Not exactly the same when STR contains, for instance,
Cyrillic characters.  How to deal with unsupported
characters differs in operations.  Encode-coding-string may
behave leniently so that the result can be decoded back
correctly (perhaps by adding some escape sequence).  But,
string-make-unibyte should never change the number of
charaters.  And,

> Then why use string-make-unibyte ?

There's no way to know that we should use the coding-system
latin-1 in this situation.  All we know is that the default
coding-system is utf-8, and the default character set is
iso-8859-1.

>>  Please try C-x C-m L utf-8 RET and see how
>>  string-make-unibyte and string-make-multibyte work.

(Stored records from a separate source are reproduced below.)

(* Let $A$ be a finite-dimensional associative algebra over $K=\mathbb{R}$ or $\mathbb{C}$, let $\mathfrak g$ be a Lie subalgebra of $A_L$, and let $r\in\mathfrak g\wedge\mathfrak g$ satisfy the classical Yang–Baxter equation $[r^{12},r^{13}]+[r^{12},r^{23}]+[r^{13},r^{23}]=0$. Then $\delta(X)=rX-Xr$, $X\in\mathrm{Symm}(A\otimes A)$, defines (via its dual) a quadratic Poisson bracket on $A$ compatible with the multiplication of $A$.
   Context: $A_L$ is the Lie algebra on $A$ with bracket $[a,b]=ab-ba$. $A\otimes A$ is an algebra with componentwise multiplication; $\mathrm{Symm}(A\otimes A)$ are the symmetric tensors. For $r=\sum_i\alpha_i\otimes\beta_i$, $r^{12}=\sum_i\alpha_i\otimes\beta_i\otimes1$, $r^{13}=\sum_i\alpha_i\otimes1\otimes\beta_i$, $r^{23}=\sum_i1\otimes\alpha_i\otimes\beta_i$ with $1$ a formal unit; the commutators only involve Lie brackets in $\mathfrak g$ (e.g. $[a\otimes b\otimes1,c\otimes1\otimes d]=[a,c]\otimes b\otimes d$). The bracket defined by $\delta$ is the one whose values on linear functions are given by the dual map $\delta^*\colon A^*\wedge A^*\to\mathrm{Sym}^2(A^* )$ (identifying $\mathrm{Symm}(A\otimes A)$ with $(\mathrm{Sym}^2A^* )^*$ and $A\wedge A$ with $(A^*\wedge A^* )^*$), extended by the Leibniz rule. Compatibility means the multiplication map $A\times A\to A$ is a Poisson map when $A\times A$ carries the product Poisson structure. *)

theory Defs
  imports Complex_Main "HOL-Library.Poly_Mapping"
begin

class real_or_complex = field_char_0
instance real :: real_or_complex ..
instance complex :: real_or_complex ..

text \<open>A has basis e_0..e_(n-1); elements are coordinate vectors  nat => K  vanishing
  at indices >= n; the product is given by structure constants
  e_i e_j = sum_k c i j k e_k.\<close>

definition vecs :: "nat \<Rightarrow> (nat \<Rightarrow> 'k::zero) set" where
  "vecs n = {a. \<forall>i\<ge>n. a i = 0}"

definition amul :: "nat \<Rightarrow> (nat \<Rightarrow> nat \<Rightarrow> nat \<Rightarrow> 'k::comm_ring_1) \<Rightarrow> (nat \<Rightarrow> 'k) \<Rightarrow> (nat \<Rightarrow> 'k) \<Rightarrow> nat \<Rightarrow> 'k" where
  "amul n c a b = (\<lambda>k. if k < n then (\<Sum>i<n. \<Sum>j<n. a i * b j * c i j k) else 0)"

definition assoc_alg :: "nat \<Rightarrow> (nat \<Rightarrow> nat \<Rightarrow> nat \<Rightarrow> 'k::comm_ring_1) \<Rightarrow> bool" where
  "assoc_alg n c \<longleftrightarrow> (\<forall>a\<in>vecs n. \<forall>b\<in>vecs n. \<forall>d\<in>vecs n.
      amul n c (amul n c a b) d = amul n c a (amul n c b d))"

definition lie :: "nat \<Rightarrow> (nat \<Rightarrow> nat \<Rightarrow> nat \<Rightarrow> 'k::comm_ring_1) \<Rightarrow> (nat \<Rightarrow> 'k) \<Rightarrow> (nat \<Rightarrow> 'k) \<Rightarrow> nat \<Rightarrow> 'k" where
  "lie n c a b = (\<lambda>k. amul n c a b k - amul n c b a k)"
lemma has_cpv_integral_sin_mult_arccos_recurrence:
  assumes t: "\<bar>t\<bar> < 1"
    and I0: "has_cpv_integral (\<lambda>s. sin (real k * arccos s)) t I0"
    and I1: "has_cpv_integral (\<lambda>s. sin (real (Suc k) * arccos s)) t I1"
  shows "has_cpv_integral (\<lambda>s. sin (real (Suc (Suc k)) * arccos s)) t
    (integral {-1..1} (\<lambda>s. 2 * sin (real (Suc k) * arccos s)) + 2 * t * I1 - I0)"
proof -
  let ?g = "\<lambda>s. 2 * sin (real (Suc k) * arccos s)"
  have "continuous_on {-1..1} ?g"
    using continuous_on_sin_mult_arccos by (rule continuous_on_mult_left)
  then have split: "has_cpv_integral
      (\<lambda>s. (s - t) * ?g s + (2 * t * sin (real (Suc k) * arccos s) + (-1) * sin (real k * arccos s))) t
      (integral {-1..1} ?g + (2 * t * I1 + (-1) * I0))"
    by (intro has_cpv_integral_add has_cpv_integral_regular has_cpv_integral_cmult I0 I1 t
        continuous_on_mult_left continuous_on_sin_mult_arccos continuous_on_add continuous_on_mult
        continuous_on_diff continuous_on_id continuous_on_const)
  have recurrence: "(s - t) * ?g s + (2 * t * sin (real (Suc k) * arccos s) + (-1) * sin (real k * arccos s))
      = sin (real (Suc (Suc k)) * arccos s)" if "s \<in> {-1..1}" for s
    using sin_mult_add_two[of "real k" "arccos s"] that by (simp add: algebra_simps)
  from has_cpv_integral_cong[OF recurrence t split] show ?thesis
    by (simp only: mult_minus1 add_uminus_conv_diff add_diff_eq)
qed

(* Since sin (k arccos s) = sqrt (1 - s^2) U_(k-1)(s), this is the classical principal value
   of sqrt (1 - s^2) U_(k-1)(s) / (s - t). *)
lemma has_cpv_integral_sin_mult_arccos:
  assumes t: "\<bar>t\<bar> < 1"
  shows "has_cpv_integral (\<lambda>s. sin (real k * arccos s)) t (if k = 0 then 0 else - pi * chebT k t)"
proof (induction k rule: induct_nat_012)
  case 0
  show ?case
    by (simp add: has_cpv_integral_def)
next
  case 1
  have "has_cpv_integral (\<lambda>s. sin (arccos s)) t (- pi * t)"
    using has_cpv_integral_sqrt_one_minus_square[OF t]
    by (rule has_cpv_integral_cong[rotated 2]) (auto simp: sin_arccos t)
  then show ?case
    using t by (simp add: chebT_def)
next
  case (ge2 k)
  have "((\<lambda>s. 2 * sin (real (Suc k) * arccos s)) has_integral (if k = 0 then pi else 0)) {-1..1}"
    using has_integral_mult_right[OF has_integral_sin_arccos, of 2]
      has_integral_mult_right[OF has_integral_sin_mult_arccos[of "Suc k"], of 2]
    by (cases k) auto
  moreover have "has_cpv_integral (\<lambda>s. sin (real (Suc k) * arccos s)) t (- pi * chebT (Suc k) t)"
    using ge2.IH(2) by simp
  moreover have "(if k = 0 then pi else 0) + 2 * t * (- pi * chebT (Suc k) t) - (if k = 0 then 0 else - pi * chebT k t)
      = - pi * chebT (Suc (Suc k)) t"
    unfolding chebT_Suc_Suc[of t k, OF less_imp_le[OF t]]
    using t by (cases "k = 0") (simp_all add: chebT_def algebra_simps)
  ultimately have "has_cpv_integral (\<lambda>s. sin (real (Suc (Suc k)) * arccos s)) t (- pi * chebT (Suc (Suc k)) t)"
    using has_cpv_integral_sin_mult_arccos_recurrence[OF t ge2.IH(1)] integral_unique by metis
  then show ?case
    by simp
qed

lemma has_cpv_integral_sum_sin_mult_arccos:
  assumes "finite A" "\<bar>t\<bar> < 1" "\<And>j. j \<in> A \<Longrightarrow> k j \<ge> 1"
  shows "has_cpv_integral (\<lambda>s. \<Sum>j\<in>A. c j * sin (real (k j) * arccos s)) t
    (\<Sum>j\<in>A. c j * (- pi * chebT (k j) t))"
proof (rule has_cpv_integral_sum[OF assms(1,2)])
  show "continuous_on {-1..1} (\<lambda>s. c j * sin (real (k j) * arccos s))" for j
    using continuous_on_sin_mult_arccos by (rule continuous_on_mult_left)
  show "has_cpv_integral (\<lambda>s. c j * sin (real (k j) * arccos s)) t (c j * (- pi * chebT (k j) t))"
    if "j \<in> A" for j
    using has_cpv_integral_cmult[OF has_cpv_integral_sin_mult_arccos[OF assms(2), of "k j"]] assms(3)[OF that]
    by simp
qed

section \<open>Expansion of the weight\<close>

lemma one_minus_cis_double: "1 - cis (2 * x) = cis x * (- 2 * \<i> * complex_of_real (sin x))"
proof -
  have double: "cos (x * 2) = 1 - 2 * sin x * sin x" "sin (x * 2) = 2 * sin x * cos x"
    using cos_double_sin[of x] sin_double[of x] by (simp_all add: power2_eq_square mult.commute)
  show ?thesis
    unfolding complex_eq_iff by (simp add: double algebra_simps)
qed

lemma alternating_binomial_sum_cis:
  fixes c x :: real
  shows "(\<Sum>j\<le>p. (-1)^j * of_nat (p choose j) * cis ((c + 2 * real j) * x))
       = cis ((c + real p) * x) * (- 2 * \<i> * complex_of_real (sin x))^p"
proof -
  have "(\<Sum>j\<le>p. (-1)^j * of_nat (p choose j) * cis ((c + 2 * real j) * x))
      = cis (c * x) * (\<Sum>j\<le>p. of_nat (p choose j) * (- cis (2 * x))^j * 1^(p - j))"
    unfolding sum_distrib_left
  proof (rule sum.cong[OF refl])
    fix j
    have "cis (c * x) * cis (2 * x) ^ j = cis (c * x + real j * (2 * x))"
      by (subst Complex.DeMoivre, subst cis_mult, rule refl)
    also have "c * x + real j * (2 * x) = (c + 2 * real j) * x"
      by (simp add: algebra_simps)
    finally have cis_shift: "cis ((c + 2 * real j) * x) = cis (c * x) * cis (2 * x) ^ j"
      by simp
    show "(-1)^j * of_nat (p choose j) * cis ((c + 2 * real j) * x)
        = cis (c * x) * (of_nat (p choose j) * (- cis (2 * x))^j * 1^(p - j))"
      unfolding cis_shift power_minus[of "cis (2 * x)"] power_one mult_1_right by (simp only: mult_ac)
  qed
  also have "\<dots> = cis (c * x) * (1 - cis (2 * x))^p"
    by (subst binomial_ring[symmetric]) simp
  also have "\<dots> = cis (c * x) * (cis x ^ p * (- 2 * \<i> * complex_of_real (sin x))^p)"
    unfolding one_minus_cis_double by (rule arg_cong[where f = "\<lambda>z. cis (c * x) * z"], rule power_mult_distrib)
  also have "\<dots> = (cis (c * x) * cis (real p * x)) * (- 2 * \<i> * complex_of_real (sin x))^p"
    unfolding Complex.DeMoivre by (rule mult.assoc[symmetric])
  also have "\<dots> = cis ((c + real p) * x) * (- 2 * \<i> * complex_of_real (sin x))^p"
    unfolding cis_mult by (simp add: distrib_right)
  finally show ?thesis .
qed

> I'll try that, but I'd like to understand the motivation for making it work
> the way it works.  I've always understood those two as "trying to DTRT" in
> a very ad-hoc way such that people that used to work in an 8bit non-ASCII
> environment don't need to worry about coding-systems and still have
> things working mostly correctly.

Doing unibyte<->multibyte conversion automatically
may be an ad-hoc way.  The way how they work for unsupported
characters may also be an ad-hoc way.

But, the concept of unibyte<->multibyte convesion itself is
not ad-hoc.  Don't you think their meaning is very clear
when you grasp them as my way?  Do you see any inconsistency
in my explanation about them?

---
Ken'ichi HANDA
handa@m17n.org